Еще не рассвело, но где-то высоко в пихтах, просыпаясь, пискнула невидимая птица, за ней другая, третья, и вот лес уже оглашается разноголосым свистом, писком и трещаньем. Через несколько мгновений птичий хор разбивается на отдельные голоса и стихает.
Взошло солнце. Высоко над сине-зелеными пихтами встают серебряные вершины Пшекиша. Утренний свет вспыхивает голубыми и розовыми длинными иглами на блистающей белизне снежных полян и сугробов.
Зимний лес кажется пустынным и мертвым. Глубоко в щелях среди камней, в норах под корнями, в прелой трухе дуплистых деревьев лежат окоченелые ящерицы, медяницы, ужи и гадюки. Крепко спят лягушки, зарывшись в мягкую тину на дне ручьев и луж. В своих подземельях и дуплах дремлют ожиревшие за осень барсуки и полчки и висят вниз головой, сцепившись в огромные гроздья и согревая друг друга, летучие мыши. В устланной травами пещере или в снеговой берлоге под шихтой, сладко посасывая лапу, видит сны медведь. Под корой буков и пихт, грабов и кленов, в трухлой мякоти гнилых пней, словно мертвые, костенеют бабочки, мухи, жужелицы, усачи.
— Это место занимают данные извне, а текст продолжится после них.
(* Let $X\in\mathscr K$ and $W\in L^2(\Omega)$. Let $M$ be the right-continuous generalized inverse of $X$ and let $\mathcal W$ be any primitive of $W$ on $[0,1]$ (i.e. $\mathcal W'=W$). Then $$\operatorname{Proj}_{\mathscr H_X}W=\mathcal W'_M(X)\quad\text{a.e. on }\Omega,$$ where $\mathcal W'_M$ is the Radon–Nikodym derivative of $\partial_x\mathcal W(M(x))$ with respect to $\partial_xM(x)$.
   Context: $\Omega=(0,1)$ with Lebesgue measure. $\mathscr K=\{X\in L^2(\Omega):X\text{ nondecreasing}\}$, with right-continuous representatives. The right-continuous generalized inverse of $X\in\mathscr K$ is $M(x)=|\{m\in\Omega:X(m)\le x\}|$, the cumulative distribution function of the push-forward of Lebesgue measure on $\Omega$ under $X$ (equivalently $X(m)=\inf\{x:M(x)>m\}$). $\Omega_X=\{m\in\Omega: X\text{ is constant in a neighborhood of }m\}$, an open set, a countable disjoint union of maximal open intervals. $\mathscr H_X=\{U\in L^2(\Omega):U\text{ is constant on each interval }(m_l,m_r)\subset\Omega_X\}$, and $\operatorname{Proj}_{\mathscr H_X}$ is the $L^2$-orthogonal projection onto it: $\operatorname{Proj}_{\mathscr H_X}U=U$ a.e. on $\Omega\setminus\Omega_X$ and equals $\frac1{m_r-m_l}\int_{m_l}^{m_r}U$ on each maximal interval $(m_l,m_r)$ of $\Omega_X$. *)

theory Defs
  imports "HOL-Analysis.Analysis"
begin

definition gen_inv :: "(real \<Rightarrow> real) \<Rightarrow> real \<Rightarrow> real" where
  "gen_inv X x = measure lborel {m \<in> {0<..<1}. X m \<le> x}"

definition OmegaX :: "(real \<Rightarrow> real) \<Rightarrow> real set" where
  "OmegaX X = {m \<in> {0<..<1}. \<exists>e>0. \<forall>m' \<in> ball m e. X m' = X m}"

text \<open>L2-orthogonal projection onto H_X: the average of U over the maximal
  interval (connected component) of Omega_X containing m, and U itself outside Omega_X.\<close>
definition proj_HX :: "(real \<Rightarrow> real) \<Rightarrow> (real \<Rightarrow> real) \<Rightarrow> real \<Rightarrow> real" where
  "proj_HX X U m =
     (if m \<in> OmegaX X
      then (LINT t : connected_component_set (OmegaX X) m | lborel. U t)
             / measure lborel (connected_component_set (OmegaX X) m)
      else U m)"

text \<open>g is the Radon-Nikodym derivative of the (signed) Lebesgue-Stieltjes
  measure dF with respect to the Lebesgue-Stieltjes measure dM: g is dM-integrable
  and its dM-integral over every interval (a,b] equals F b - F a
  (the signed measure dF is determined by its values on such intervals).\<close>
definition is_LS_RN_deriv :: "(real \<Rightarrow> real) \<Rightarrow> (real \<Rightarrow> real) \<Rightarrow> (real \<Rightarrow> real) \<Rightarrow> bool" where
  "is_LS_RN_deriv F M g \<longleftrightarrow>
     g \<in> borel_measurable borel \<and>
     integrable (interval_measure M) g \<and>
     (\<forall>a b. a \<le> b \<longrightarrow>
        (LINT x : {a<..b} | interval_measure M. g x) = F b - F a)"

end

(*
  The Lebesgue-Stieltjes measure dM is the law of X under Lebesgue measure on Omega, and
  Wp (M b) - Wp (M a) is the integral of W over {a < X <= b}. Hence g is a Radon-Nikodym
  derivative of d(Wp o M) with respect to dM exactly when g o X is a version of the
  conditional expectation of W given X; such a g exists by the Radon-Nikodym theorem applied to
  the push-forwards of the positive and negative parts of W.

  To identify g o X with the projection, split Omega according to whether X m is an atom of
  the law of X. There are countably many atoms; the level set of an atom c is an interval whose
  interior is a connected component of Omega_X, and on it both the projection and g c are the
  average of W. Off the atoms, m <= t holds iff X m <= X t, so the sets {m <= t} are
  X-measurable there: W - g o X, which integrates to zero against every X-measurable set,
  vanishes a.e. off the atoms. Points of Omega_X take atom values, so off the atoms the
  projection is W itself.
*)

theory Submission
  imports Defs "HOL-Probability.Distribution_Functions"
begin

section \<open>Conditional expectation given a real random variable\<close>

definition is_cond_exp_factor ::
    "'a measure \<Rightarrow> ('a \<Rightarrow> real) \<Rightarrow> ('a \<Rightarrow> real) \<Rightarrow> (real \<Rightarrow> real) \<Rightarrow> bool" where
  "is_cond_exp_factor N h f g \<longleftrightarrow>
     g \<in> borel_measurable borel \<and> integrable N (\<lambda>x. g (h x)) \<and>
     (\<forall>B \<in> sets borel. (\<integral>x. indicator B (h x) * g (h x) \<partial>N) = (\<integral>x. indicator B (h x) * f x \<partial>N))"

lemma integrable_indicator_vimage_mult:
  fixes f h :: "'a \<Rightarrow> real"
  assumes "integrable N f" "h \<in> borel_measurable N" "B \<in> sets borel"
  shows "integrable N (\<lambda>x. indicator B (h x) * f x)"
  using assms by (intro Bochner_Integration.integrable_bound[OF assms(1)]) (auto simp: indicator_def)

lemma emeasure_distr_density_real:
  fixes f h :: "'a \<Rightarrow> real"
  assumes [measurable]: "f \<in> borel_measurable N" "h \<in> borel_measurable N" "A \<in> sets borel"
  shows "emeasure (distr (density N (\<lambda>x. ennreal (f x))) borel h) A
    = (\<integral>\<^sup>+x. ennreal (indicator A (h x) * f x) \<partial>N)"
proof -
  have "emeasure (distr (density N (\<lambda>x. ennreal (f x))) borel h) A
      = (\<integral>\<^sup>+x. ennreal (f x) * indicator (h -` A \<inter> space N) x \<partial>N)"
    by (simp add: emeasure_distr emeasure_density)
  also have "\<dots> = (\<integral>\<^sup>+x. ennreal (indicator A (h x) * f x) \<partial>N)"
    by (intro nn_integral_cong) (simp add: indicator_def)
  finally show ?thesis .
qed

lemma absolutely_continuous_distr_density:
  assumes "h \<in> measurable N M" "f \<in> borel_measurable N"
  shows "absolutely_continuous (distr N M h) (distr (density N f) M h)"
  unfolding absolutely_continuous_def
proof
  fix A assume "A \<in> null_sets (distr N M h)"
  then have "h -` A \<inter> space N \<in> null_sets N" "A \<in> sets M"
    using assms(1) by (simp_all add: null_sets_distr_iff)
  then show "A \<in> null_sets (distr (density N f) M h)"
    using assms absolutely_continuousI_density[of f N]
    by (auto simp: null_sets_distr_iff absolutely_continuous_def)
qed

lemma integral_indicator_vimage_eq_0_if_Ioc:
  fixes f h :: "'a \<Rightarrow> real"
  assumes f: "integrable N f" and h[measurable]: "h \<in> borel_measurable N"
    and Ioc: "\<And>a b. a \<le> b \<Longrightarrow> (\<integral>x. indicator {a<..b} (h x) * f x \<partial>N) = 0"
    and B: "B \<in> sets borel"
  shows "(\<integral>x. indicator B (h x) * f x \<partial>N) = 0"
proof -
  have [measurable]: "f \<in> borel_measurable N" using f by simp
  \<comment> \<open>Since \<open>ennreal\<close> truncates at 0, \<open>\<mu> 1\<close> and \<open>\<mu> (-1)\<close> are the laws of \<open>h\<close> under the
    positive and the negative part of \<open>f N\<close>; they agree on the generators \<open>{a<..b}\<close>.\<close>
  define \<mu> where "\<mu> s = distr (density N (\<lambda>x. ennreal (s * f x))) borel h" for s :: real
  have emeasure_\<mu>: "emeasure (\<mu> s) A = (\<integral>\<^sup>+x. ennreal (indicator A (h x) * (s * f x)) \<partial>N)"
    if "A \<in> sets borel" for s A
    unfolding \<mu>_def using that by (intro emeasure_distr_density_real) simp_all
  have integral_eq: "(\<integral>x. indicator A (h x) * f x \<partial>N) = measure (\<mu> 1) A - measure (\<mu> (-1)) A"
    if A: "A \<in> sets borel" for A
    using integrable_indicator_vimage_mult[OF f h A]
    by (simp add: real_lebesgue_integral_def measure_def emeasure_\<mu>[OF A])
  have finite_\<mu>: "emeasure (\<mu> s) A \<noteq> \<infinity>" if "A \<in> sets borel" "\<bar>s\<bar> = 1" for s A
  proof -
    have "s * f x \<le> norm (f x)" for x
      using that(2) by (metis abs_ge_self abs_mult mult_1 real_norm_def)
    then have "emeasure (\<mu> s) A \<le> (\<integral>\<^sup>+x. ennreal (norm (f x)) \<partial>N)"
      unfolding emeasure_\<mu>[OF that(1)] by (intro nn_integral_mono) (simp add: indicator_def ennreal_leI)
    also have "\<dots> < \<infinity>" using f by (simp add: integrable_iff_bounded)
    finally show ?thesis by simp
  qed
  have "\<mu> 1 = \<mu> (-1)"
  proof (rule measure_eqI_generator_eq[where \<Omega>=UNIV and E="range (\<lambda>(a, b). {a<..b::real})"
        and A="\<lambda>i. {- real (i::nat)<..real i}"])
    fix I assume "I \<in> range (\<lambda>(a, b). {a<..b::real})"
    then obtain a b where "I = {a<..b}" by auto
    then show "emeasure (\<mu> 1) I = emeasure (\<mu> (-1)) I"
      using integral_eq[of I] Ioc[of a b] finite_\<mu>[of I 1] finite_\<mu>[of I "-1"]
      by (cases "a \<le> b") (auto simp: emeasure_eq_ennreal_measure)
  next
    show "emeasure (\<mu> 1) {- real i<..real i} \<noteq> \<infinity>" for i :: nat
      using finite_\<mu>[of _ 1] by simp
  qed (auto simp: \<mu>_def borel_sigma_sets_Ioc Int_stable_def UN_Ioc_eq_UNIV)
  then show ?thesis using integral_eq[OF B] by simp
qed

lemma is_cond_exp_factor_iff_Ioc:
  fixes f h :: "'a \<Rightarrow> real" and g :: "real \<Rightarrow> real"
  assumes f: "integrable N f" and h[measurable]: "h \<in> borel_measurable N"
    and g[measurable]: "g \<in> borel_measurable borel" and gh: "integrable N (\<lambda>x. g (h x))"
  shows "is_cond_exp_factor N h f g \<longleftrightarrow>
    (\<forall>a b. a \<le> b \<longrightarrow>
      (\<integral>x. indicator {a<..b} (h x) * g (h x) \<partial>N) = (\<integral>x. indicator {a<..b} (h x) * f x \<partial>N))"
proof -
  have diff: "(\<integral>x. indicator B (h x) * (g (h x) - f x) \<partial>N)
      = (\<integral>x. indicator B (h x) * g (h x) \<partial>N) - (\<integral>x. indicator B (h x) * f x \<partial>N)"
    if "B \<in> sets borel" for B
    using integrable_indicator_vimage_mult[OF gh h that] integrable_indicator_vimage_mult[OF f h that]
    by (simp add: right_diff_distrib)
  have "integrable N (\<lambda>x. g (h x) - f x)" using gh f by simp
  from integral_indicator_vimage_eq_0_if_Ioc[OF this h]
  show ?thesis
    unfolding is_cond_exp_factor_def using g gh diff by auto
qed

lemma cond_exp_factor_exists_nonneg:
  fixes f h :: "'a \<Rightarrow> real"
  assumes "finite_measure N" and f: "integrable N f" and f_nonneg: "\<And>x. 0 \<le> f x"
    and h[measurable]: "h \<in> borel_measurable N"
  shows "\<exists>g. is_cond_exp_factor N h f g"
proof -
  interpret N: finite_measure N by fact
  have [measurable]: "f \<in> borel_measurable N" using f by simp
  define \<nu> where "\<nu> = distr N borel h"
  define \<rho> where "\<rho> = distr (density N (\<lambda>x. ennreal (f x))) borel h"
  interpret \<nu>: finite_measure \<nu> unfolding \<nu>_def by (rule N.finite_measure_distr) simp
  have sets_\<nu>[simp]: "sets \<nu> = sets borel" and sets_\<rho>[simp]: "sets \<rho> = sets borel"
    by (simp_all add: \<nu>_def \<rho>_def)
  interpret \<rho>: finite_measure \<rho>
  proof
    have "emeasure \<rho> (space \<rho>) = (\<integral>\<^sup>+x. ennreal (f x) \<partial>N)"
      unfolding \<rho>_def using emeasure_distr_density_real[of f N h UNIV] by simp
    then show "emeasure \<rho> (space \<rho>) \<noteq> \<infinity>"
      using f by (simp add: integrable_iff_bounded f_nonneg)
  qed
  have ac: "absolutely_continuous \<nu> \<rho>"
    unfolding \<nu>_def \<rho>_def by (rule absolutely_continuous_distr_density) simp_all
  define g where "g x = enn2real (RN_deriv \<nu> \<rho> x)" for x
  have g[measurable]: "g \<in> borel_measurable borel"
    using borel_measurable_RN_deriv[of \<nu> \<rho>] unfolding g_def measurable_cong_sets[OF sets_\<nu> refl]
    by measurable
  have integral_\<rho>: "integral\<^sup>L \<rho> \<phi> = (\<integral>x. g (h x) * \<phi> (h x) \<partial>N)"
    if [measurable]: "\<phi> \<in> borel_measurable borel" for \<phi> :: "real \<Rightarrow> real"
  proof -
    have "integral\<^sup>L \<rho> \<phi> = integral\<^sup>L \<nu> (\<lambda>x. g x * \<phi> x)"
      unfolding g_def by (rule \<nu>.RN_deriv_integral[OF \<rho>.sigma_finite_measure_axioms ac]) (simp_all add: \<nu>_def)
    then show ?thesis by (simp add: \<nu>_def integral_distr)
  qed
  have integral_\<rho>': "integral\<^sup>L \<rho> \<phi> = (\<integral>x. f x * \<phi> (h x) \<partial>N)"
    if [measurable]: "\<phi> \<in> borel_measurable borel" for \<phi> :: "real \<Rightarrow> real"
    by (simp add: \<rho>_def integral_distr integral_real_density f_nonneg)
  have "integrable \<nu> (\<lambda>x. g x * 1)"
    unfolding g_def
    by (rule \<nu>.RN_deriv_integrable[OF \<rho>.sigma_finite_measure_axioms ac, THEN iffD1]) (simp_all add: \<nu>_def)
  then have "integrable N (\<lambda>x. g (h x))" by (simp add: \<nu>_def integrable_distr_eq)
  moreover have "(\<integral>x. indicator B (h x) * g (h x) \<partial>N) = (\<integral>x. indicator B (h x) * f x \<partial>N)"
    if "B \<in> sets borel" for B
    using integral_\<rho>[of "indicator B"] integral_\<rho>'[of "indicator B"] that by (simp add: mult.commute)
  ultimately show ?thesis unfolding is_cond_exp_factor_def using g by blast
qed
Но безжизненность зимнего леса обманчива; Пригрело солнце, и скромная серая бабочка, порхая, пролетела над снегами. Вслед за ней спешит странное длинноногое насекомое — не то комар, не то крылатый муравей.
Местами на ослепительно белой пелене видны темные проталины-отдушины: то, проточив теплым дыханием глубокие снега, тянутся к свету и воздуху растения-зимовники. Здесь, в затишье подснежных пещерок, зеленеют цикламены, вейник, ползучий ожинник, остролистая овсяница. Это зимние зеленые пастбища копытных обитателей заповедника: оленей, серн, косуль, туров. Вот, защищенный с севера рододендроном и пушистым сугробом, греется на солнце кустик земляники, покрытой изумрудно-свежими листками, а рядом, в протаявшей черной ямке в снегу, какое-то незнакомое растение выпустило вдоль тонкого стебля десятки мельчайших листьев и таких же крошечных бледноголубых колокольчиков.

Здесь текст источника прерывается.